WDLG
- Thomasville, Alabama; United States;
- Frequency: 90.1 MHz

Programming
- Format: Catholic Radio

Ownership
- Owner: La Promesa Foundation
- Sister stations: WDWR

History
- First air date: 2007
- Call sign meaning: We're Doing Like God

Technical information
- Licensing authority: FCC
- Facility ID: 86328
- Class: A
- ERP: 650 watts
- HAAT: 76 meters (249 feet)
- Transmitter coordinates: 31°44′24″N 87°45′43″W﻿ / ﻿31.74000°N 87.76194°W

Links
- Public license information: Public file; LMS;
- Website: http://grnonline.com

= WDLG =

WDLG (90.1 FM) is a radio station licensed to serve Thomasville, Alabama. The station is owned by La Promesa Foundation. It is airing Catholic Radio programming.

==History==
Nearly seven years after the initial application was made on April 17, 1997, this station received its original construction permit from the Federal Communications Commission on April 6, 2004. The new station was assigned the call letters WDLG by the FCC on December 25, 2006. WDLG received its license to cover from the FCC on April 6, 2007.

==Silent==
The station fell silent for the first time on August 21, 2007. Citing technical issues with the station's antenna system, on August 24, 2007, the station applied to the FCC for authority to remain silent. The request was granted on August 27, 2007, with a scheduled expiration date of November 27, 2007.

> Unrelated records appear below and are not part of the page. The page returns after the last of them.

definition buchi_choice :: "('ap ltl \<Rightarrow> 'ap buchi) \<Rightarrow> bool" where
  "buchi_choice \<gamma> =
     ((\<forall>\<phi>. buchi_wf (\<gamma> \<phi>))
    \<and> (\<forall>\<phi>. lang (\<gamma> \<phi>) \<noteq> {})
    \<and> (\<forall>\<phi>. \<not> tautology \<phi> \<longrightarrow> LNeg \<phi> \<in> supp (\<gamma> \<phi>))
    \<and> (\<forall>\<phi> \<psi>. ltl_equiv \<phi> \<psi> \<longrightarrow> lang (\<gamma> \<phi>) = lang (\<gamma> \<psi>)))"

definition buchi_contraction ::
  "'ap ltl set \<Rightarrow> ('ap ltl \<Rightarrow> 'ap buchi) \<Rightarrow> 'ap ltl \<Rightarrow> 'ap ltl set" where
  "buchi_contraction K \<gamma> \<phi> =
     (if \<phi> \<notin> Cn {} \<and> \<phi> \<in> K then K \<inter> supp (\<gamma> \<phi>) else K)"

end

theory Submission
  imports Defs "HOL-Library.Infinite_Set"
begin

text \<open>The consequence operator Cn is defined through finite Kripke structures, that is
  through ultimately periodic traces (lassos), whereas supports of Buchi automata quantify
  over all accepted words. The two agree: the product of a Buchi automaton with the tableau
  of an LTL formula is again (after degeneralization) a Buchi automaton, and every nonempty
  Buchi language contains a lasso. Hence supports are closed under Cn, Cn of the empty set
  consists of the tautologies, and equivalent formulas have the same models.

  A Buchi contraction K \<inter> supp (\<gamma> \<phi>) then satisfies the postulates: recovery holds
  because \<not>\<phi> \<or> \<psi> lies in it for every \<psi> \<in> K, and it stays in E_Buchi since
  supp A \<inter> supp B is the support of an automaton for the union of the languages.
  Conversely, if a rational contraction has c \<phi> = supp B, then c \<phi> = K \<inter> supp (\<gamma> \<phi>)
  where \<gamma> \<phi> accepts the words of B violating \<phi>: by recovery, every formula of K
  already holds on the words of B that satisfy \<phi>.\<close>

lemma suffix_suffix [simp]: "suffix a (suffix b \<pi>) = suffix (b + a) \<pi>"
  by (simp add: suffix_def add.assoc)

lemma suffix_0 [simp]: "suffix 0 \<pi> = \<pi>"
  by (simp add: suffix_def)

lemma suffix_at_0 [simp]: "suffix i \<pi> 0 = \<pi> i"
  by (simp add: suffix_def)

lemma sat_LUntil_unfold:
  "sat \<pi> (LUntil x y) \<longleftrightarrow> sat \<pi> y \<or> (sat \<pi> x \<and> sat (suffix 1 \<pi>) (LUntil x y))"
proof
  assume "sat \<pi> (LUntil x y)"
  then obtain k where k: "sat (suffix k \<pi>) y" "\<forall>j<k. sat (suffix j \<pi>) x"
    by auto
  show "sat \<pi> y \<or> (sat \<pi> x \<and> sat (suffix 1 \<pi>) (LUntil x y))"
  proof (cases k)
    case 0
    with k show ?thesis by simp
  next
    case (Suc k')
    with k have "sat \<pi> x" by (metis suffix_0 zero_less_Suc)
    moreover from k Suc have "sat (suffix 1 \<pi>) (LUntil x y)"
      by (auto intro!: exI[of _ k'])
    ultimately show ?thesis by simp
  qed
next
  assume "sat \<pi> y \<or> (sat \<pi> x \<and> sat (suffix 1 \<pi>) (LUntil x y))"
  then show "sat \<pi> (LUntil x y)"
  proof
    assume "sat \<pi> y"
    then show ?thesis by (auto intro!: exI[of _ 0])
  next
    assume x: "sat \<pi> x \<and> sat (suffix 1 \<pi>) (LUntil x y)"
    then obtain k where k: "sat (suffix (Suc k) \<pi>) y" "\<forall>j<k. sat (suffix (Suc j) \<pi>) x"
      by auto
    have "sat (suffix j \<pi>) x" if "j < Suc k" for j
      using x k that by (cases j) auto
    with k show ?thesis by auto
  qed
qed

section \<open>Lassos\<close>

definition loop_index :: "nat \<Rightarrow> nat \<Rightarrow> nat \<Rightarrow> nat" where
  "loop_index i p k = (if k < i then k else i + (k - i) mod p)"

lemma loop_index_less: "0 < p \<Longrightarrow> loop_index i p k < i + p"
  by (simp add: loop_index_def)

lemma loop_index_eq: "k < i + p \<Longrightarrow> loop_index i p k = k"
  by (simp add: loop_index_def)

lemma loop_index_0 [simp]: "loop_index i p 0 = 0"
  by (simp add: loop_index_def)
definition bell_meas :: "nat \<Rightarrow> complex^(2 \<times> 2)^(2 \<times> 2)" where
  "bell_meas b = proj (bell_vec b)"

end

theory Submission
  imports Defs
begin

(*
  For PSD operators A, B on C^2 with diagonals a0, a1 and b0, b1, twice the Bell expectation
  <Phi^b| A (x) B |Phi^b> is a0 b0 + a1 b1 +- 2 Re(A01 B01) for b = 0, 1 and
  a0 b1 + a1 b0 +- 2 Re(A01 conj B01) for b = 2, 3. Since |A01|^2 <= a0 a1 and |B01|^2 <= b0 b1,
  AM-GM bounds the off-diagonal term by the two remaining products in
  tr(A (x) B) = (a0 + a1)(b0 + b1). Hence tr(F Phi^b) <= tr(F)/2 for products and, by linearity,
  for all separable F, so a separable POVM scores at most tr(1)/2 = 2. Measuring in the product
  basis and guessing the Bell state supported on the outcome attains 2; normalising by
  |B1'||B2'| = 4 gives 1/2.
*)

lemma mtrace_zero [simp]: "mtrace 0 = 0"
  unfolding mtrace_def by simp

lemma mtrace_add: "mtrace (X + Y) = mtrace X + mtrace Y"
  unfolding mtrace_def by (simp add: sum.distrib)

lemma mtrace_sum: "mtrace (\<Sum>i\<in>I. M i) = (\<Sum>i\<in>I. mtrace (M i))"
  by (induction I rule: infinite_finite_induct) (simp_all add: mtrace_add)

lemma matrix_add_rdistrib: "((A + B) ** C) = (A ** C) + (B ** C)"
  by (vector matrix_matrix_mult_def sum.distrib[symmetric] field_simps)

lemma matrix_sum_mult: "(\<Sum>i\<in>I. M i) ** P = (\<Sum>i\<in>I. M i ** P)"
  by (induction I rule: infinite_finite_induct) (simp_all add: matrix_add_rdistrib)

lemma mtrace_mat_1: "mtrace (mat 1 :: complex^'n^'n) = of_nat CARD('n)"
  unfolding mtrace_def mat_def by simp

lemma mtrace_kron: "mtrace (kron A B) = mtrace A * mtrace B"
  unfolding mtrace_def kron_def
  by (simp add: sum_product sum.cartesian_product split_def flip: UNIV_Times_UNIV)

lemma mtrace_mult_proj:
  "mtrace (M ** proj \<phi>) = (\<Sum>p\<in>UNIV. \<Sum>q\<in>UNIV. cnj (\<phi> $ p) * M $ p $ q * \<phi> $ q)"
  unfolding mtrace_def proj_def matrix_matrix_mult_def
  by (simp add: sum_distrib_left mult_ac)

lemma sum_mult_two_point:
  fixes f :: "'n::finite \<Rightarrow> complex"
  assumes "i \<noteq> j"
  shows "(\<Sum>k\<in>UNIV. f k * (if k = i then a else if k = j then b else 0)) = f i * a + f j * b"
  using assms by (simp add: if_distrib sum.If_cases Int_commute)

lemma psdD:
  assumes "psd A"
  shows "Im (\<Sum>i\<in>UNIV. \<Sum>j\<in>UNIV. cnj (v $ i) * A $ i $ j * v $ j) = 0"
    and "0 \<le> Re (\<Sum>i\<in>UNIV. \<Sum>j\<in>UNIV. cnj (v $ i) * A $ i $ j * v $ j)"
  using assms unfolding psd_def Let_def by blast+

lemma psd_pair_form:
  fixes A :: "complex^'n::finite^'n" and a b :: complex
  assumes "psd A" and "i \<noteq> j"
  defines "q \<equiv> cnj a * A$i$i * a + cnj a * A$i$j * b + cnj b * A$j$i * a + cnj b * A$j$j * b"
  shows "Im q = 0 \<and> 0 \<le> Re q"
proof -
  define v :: "complex^'n" where "v = (\<chi> k. if k = i then a else if k = j then b else 0)"
  have inner: "(\<Sum>l\<in>UNIV. cnj (v $ k) * A $ k $ l * v $ l) = cnj (v $ k) * (A $ k $ i * a + A $ k $ j * b)" for k
    using sum_mult_two_point[OF assms(2), of "\<lambda>l. cnj (v $ k) * A $ k $ l"]
    by (simp add: v_def algebra_simps)
  have "(\<Sum>k\<in>UNIV. \<Sum>l\<in>UNIV. cnj (v $ k) * A $ k $ l * v $ l)
      = (\<Sum>k\<in>UNIV. (A $ k $ i * a + A $ k $ j * b) * (if k = i then cnj a else if k = j then cnj b else 0))"
    unfolding inner by (rule sum.cong) (simp_all add: v_def mult.commute)
  also have "\<dots> = q"
    unfolding sum_mult_two_point[OF assms(2)] q_def by (simp add: algebra_simps)
  finally show ?thesis
    using psdD[OF assms(1), of v] by simp
qed

lemma psd_diag:
  fixes A :: "complex^'n::finite^'n"
  assumes "psd A"
  shows "Im (A $ i $ i) = 0" and "0 \<le> Re (A $ i $ i)"
proof -
  have "cnj (axis i 1 $ k) = axis i (1::complex) $ k" for k
    by (simp add: axis_def)
  then have "(\<Sum>k\<in>UNIV. \<Sum>l\<in>UNIV. cnj (axis i 1 $ k) * A $ k $ l * axis i 1 $ l) = A $ i $ i"
    by (simp add: axis_def mult_if_delta mult.commute[of _ "if _ then 1 else 0"])
  then show "Im (A $ i $ i) = 0" and "0 \<le> Re (A $ i $ i)"
    using psdD[OF assms, of "axis i 1"] by simp_all
qed

lemma nonneg_quadratic_discrim_le:
  fixes a b c :: real
  assumes nonneg: "\<And>t. 0 \<le> a * t\<^sup>2 + b * t + c" and "0 \<le> a"
  shows "b\<^sup>2 \<le> 4 * a * c"
proof (cases "a = 0")
  case True
  have "b = 0"
  proof (rule ccontr)
    assume "b \<noteq> 0"
    then show False
      using nonneg[of "- (\<bar>c\<bar> + 1) / b"] True by simp
  qed
  then show ?thesis using True by simp
next
  case False
  with assms(2) have "0 < a" by simp
  have "0 \<le> a * (- b / (2 * a))\<^sup>2 + b * (- b / (2 * a)) + c" by (rule nonneg)
  also have "\<dots> = (4 * a * c - b\<^sup>2) / (4 * a)"
    using \<open>0 < a\<close> by (simp add: field_simps power2_eq_square)
  finally show ?thesis using \<open>0 < a\<close> by (simp add: zero_le_divide_iff)
qed

lemma psd_hermitian:
  fixes A :: "complex^'n::finite^'n"
  assumes "psd A"
  shows "A $ j $ i = cnj (A $ i $ j)"
proof (cases "i = j")
  case True
  then show ?thesis using psd_diag[OF assms] by (simp add: complex_eq_iff)
next
  case False
  have "Im (A $ i $ j) + Im (A $ j $ i) = 0"
    using psd_pair_form[OF assms False, of 1 1] psd_diag[OF assms] by simp
  moreover have "Re (A $ i $ j) - Re (A $ j $ i) = 0"
    using psd_pair_form[OF assms False, of 1 \<i>] psd_diag[OF assms] by simp
  ultimately show ?thesis by (simp add: complex_eq_iff)
qed

lemma psd_offdiag_bound:
  fixes A :: "complex^'n::finite^'n"
  assumes "psd A"
  shows "(cmod (A $ i $ j))\<^sup>2 \<le> Re (A $ i $ i) * Re (A $ j $ j)"
proof (cases "i = j")
  case True
  then show ?thesis using psd_diag[OF assms] by (simp add: cmod_eq_Re power2_eq_square)
next
  case False
  define c where "c = (cmod (A $ i $ j))\<^sup>2"
  \<comment> \<open>positivity on (t, - conj A_ij) is a real quadratic in t; its discriminant is Cauchy-Schwarz\<close>
  have "0 \<le> Re (A $ i $ i) * t\<^sup>2 + (- 2 * c) * t + c * Re (A $ j $ j)" for t :: real
    using psd_pair_form[OF assms False, of "of_real t" "- cnj (A $ i $ j)"] psd_diag[OF assms]
      psd_hermitian[OF assms, of i j]
    unfolding c_def cmod_power2 by (simp add: algebra_simps power2_eq_square)
  then have "(- 2 * c)\<^sup>2 \<le> 4 * Re (A $ i $ i) * (c * Re (A $ j $ j))"
    using psd_diag[OF assms] by (intro nonneg_quadratic_discrim_le) auto
  then have "c * c \<le> c * (Re (A $ i $ i) * Re (A $ j $ j))"
    by (simp add: power2_eq_square algebra_simps)
  moreover have "0 \<le> Re (A $ i $ i) * Re (A $ j $ j)"
    using psd_diag[OF assms] by simp
  moreover have "0 \<le> c" unfolding c_def by simp
  ultimately have "c \<le> Re (A $ i $ i) * Re (A $ j $ j)"
    by (cases "c = 0") (auto intro: mult_left_le_imp_le)
  then show ?thesis by (simp add: c_def)
qed

lemma cross_mult_le:
  fixes x y a0 a1 b0 b1 :: real
  assumes "0 \<le> a0" "0 \<le> a1" "0 \<le> b0" "0 \<le> b1" "0 \<le> x" "0 \<le> y"
    and "x\<^sup>2 \<le> a0 * a1" and "y\<^sup>2 \<le> b0 * b1"
  shows "2 * x * y \<le> a0 * b1 + a1 * b0"
proof (rule power2_le_imp_le)
  have "(2 * x * y)\<^sup>2 = 4 * x\<^sup>2 * y\<^sup>2" by (simp add: power_mult_distrib)
  also have "\<dots> \<le> 4 * (a0 * a1) * (b0 * b1)"
    using assms by (intro mult_mono) simp_all
  also have "\<dots> \<le> (a0 * b1 + a1 * b0)\<^sup>2"
    using sum_squares_ge_zero[of "a0 * b1 - a1 * b0" 0] by (simp add: power2_eq_square algebra_simps)
  finally show "(2 * x * y)\<^sup>2 \<le> (a0 * b1 + a1 * b0)\<^sup>2" .
  show "0 \<le> a0 * b1 + a1 * b0" using assms by simp
qed

lemma psd_cross_bound:
  fixes A B :: "complex^'n::finite^'n"
  assumes A: "psd A" and B: "psd B"
  shows "\<bar>2 * Re (A$i$j * B$i$j)\<bar> \<le> Re (A$i$i) * Re (B$j$j) + Re (A$j$j) * Re (B$i$i)"
    and "\<bar>2 * Re (A$i$j * cnj (B$i$j))\<bar> \<le> Re (A$i$i) * Re (B$i$i) + Re (A$j$j) * Re (B$j$j)"
proof -
  note diag = psd_diag(2)[OF A] psd_diag(2)[OF B]
  have "\<bar>2 * Re (A$i$j * B$i$j)\<bar> \<le> 2 * cmod (A$i$j) * cmod (B$i$j)"
    and "\<bar>2 * Re (A$i$j * cnj (B$i$j))\<bar> \<le> 2 * cmod (A$i$j) * cmod (B$i$j)"
    using abs_Re_le_cmod[of "A$i$j * B$i$j"] abs_Re_le_cmod[of "A$i$j * cnj (B$i$j)"]
    by (simp_all only: abs_mult abs_numeral norm_mult complex_mod_cnj)
  moreover have "2 * cmod (A$i$j) * cmod (B$i$j) \<le> Re (A$i$i) * Re (B$j$j) + Re (A$j$j) * Re (B$i$i)"
    using psd_offdiag_bound[OF A, of i j] psd_offdiag_bound[OF B, of i j]
    by (intro cross_mult_le) (simp_all add: diag)
  moreover have "2 * cmod (A$i$j) * cmod (B$i$j) \<le> Re (A$i$i) * Re (B$i$i) + Re (A$j$j) * Re (B$j$j)"
    using psd_offdiag_bound[OF A, of i j] psd_offdiag_bound[OF B, of i j, unfolded mult.commute[of "Re (B$i$i)"]]
    by (intro cross_mult_le) (simp_all add: diag)
  ultimately show "\<bar>2 * Re (A$i$j * B$i$j)\<bar> \<le> Re (A$i$i) * Re (B$j$j) + Re (A$j$j) * Re (B$i$i)"
    and "\<bar>2 * Re (A$i$j * cnj (B$i$j))\<bar> \<le> Re (A$i$i) * Re (B$i$i) + Re (A$j$j) * Re (B$j$j)"
    by linarith+
qed

lemma psd_proj: "psd (proj (\<phi> :: complex^'n::finite))"
proof -
  have "(\<Sum>i\<in>UNIV. \<Sum>j\<in>UNIV. cnj (v $ i) * proj \<phi> $ i $ j * v $ j)
      = of_real ((cmod (\<Sum>j\<in>UNIV. cnj (\<phi> $ j) * v $ j))\<^sup>2)" for v :: "complex^'n"
    unfolding proj_def complex_norm_square
    by (simp add: sum_product mult_ac)
  then show ?thesis unfolding psd_def Let_def by simp
qed

lemma separable_kron: "psd A \<Longrightarrow> psd B \<Longrightarrow> separable_op (kron A B)"
  unfolding separable_op_def
  by (rule exI[of _ 1], rule exI[of _ "\<lambda>_. A"], rule exI[of _ "\<lambda>_. B"]) simp

lemma separable_trace_le:
  fixes F P :: "complex^('a::finite \<times> 'b::finite)^('a \<times> 'b)"
  assumes kron_le: "\<And>(A :: complex^'a^'a) (B :: complex^'b^'b). psd A \<Longrightarrow> psd B \<Longrightarrow> Re (mtrace (kron A B ** P)) \<le> c * Re (mtrace (kron A B))"
    and "separable_op F"
  shows "Re (mtrace (F ** P)) \<le> c * Re (mtrace F)"
proof -
  obtain n and A :: "nat \<Rightarrow> complex^'a^'a" and B :: "nat \<Rightarrow> complex^'b^'b" where AB: "\<forall>i<n. psd (A i) \<and> psd (B i)" and F: "F = (\<Sum>i<n. kron (A i) (B i))"
    using assms(2) unfolding separable_op_def by blast
  have "Re (mtrace (F ** P)) = (\<Sum>i<n. Re (mtrace (kron (A i) (B i) ** P)))"
    unfolding F matrix_sum_mult mtrace_sum by simp
  also have "\<dots> \<le> (\<Sum>i<n. c * Re (mtrace (kron (A i) (B i))))"
    using AB by (intro sum_mono kron_le) auto
  also have "\<dots> = c * Re (mtrace F)"
    unfolding F mtrace_sum by (simp add: sum_distrib_left)
  finally show ?thesis .
qed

On February 5, 2008, Nationwide Inspirational Broadcasting applied for an extension to their remain silent authority citing a financial decision to complete the new transmitter site authorized by their October 2007 construction permit rather than complete changes to their existing antenna system. The extension was granted on April 7, 2008, with a caution that the station's license would be subject to forfeiture on August 21, 2008, as the station will have been off the air for 12 continuous months.

WDLG was brought back on the air briefly but fell silent again on August 11, 2008. On August 12, 2008, Nationwide Inspirational Broadcasting filed for a new remain silent authority citing financial difficulties. The station's licensee says the station is seeking a qualified buyer.

WDLG is returned to on-air status in October, 2011.

Divine Word Communications sold WDLG, six other stations, and four translators to La Promesa Foundation effective January 8, 2016, at a purchase price of $1,073,907.59.

==Construction permit==
On October 3, 2007, WDLG was granted a construction permit to upgrade their effective radiated power to 10,000 watts, raise their antenna's height above average terrain to 205 meters (673 feet), and move the transmitter site north to 32°07'34"N, 87°44'02"W. This permit expires October 3, 2010.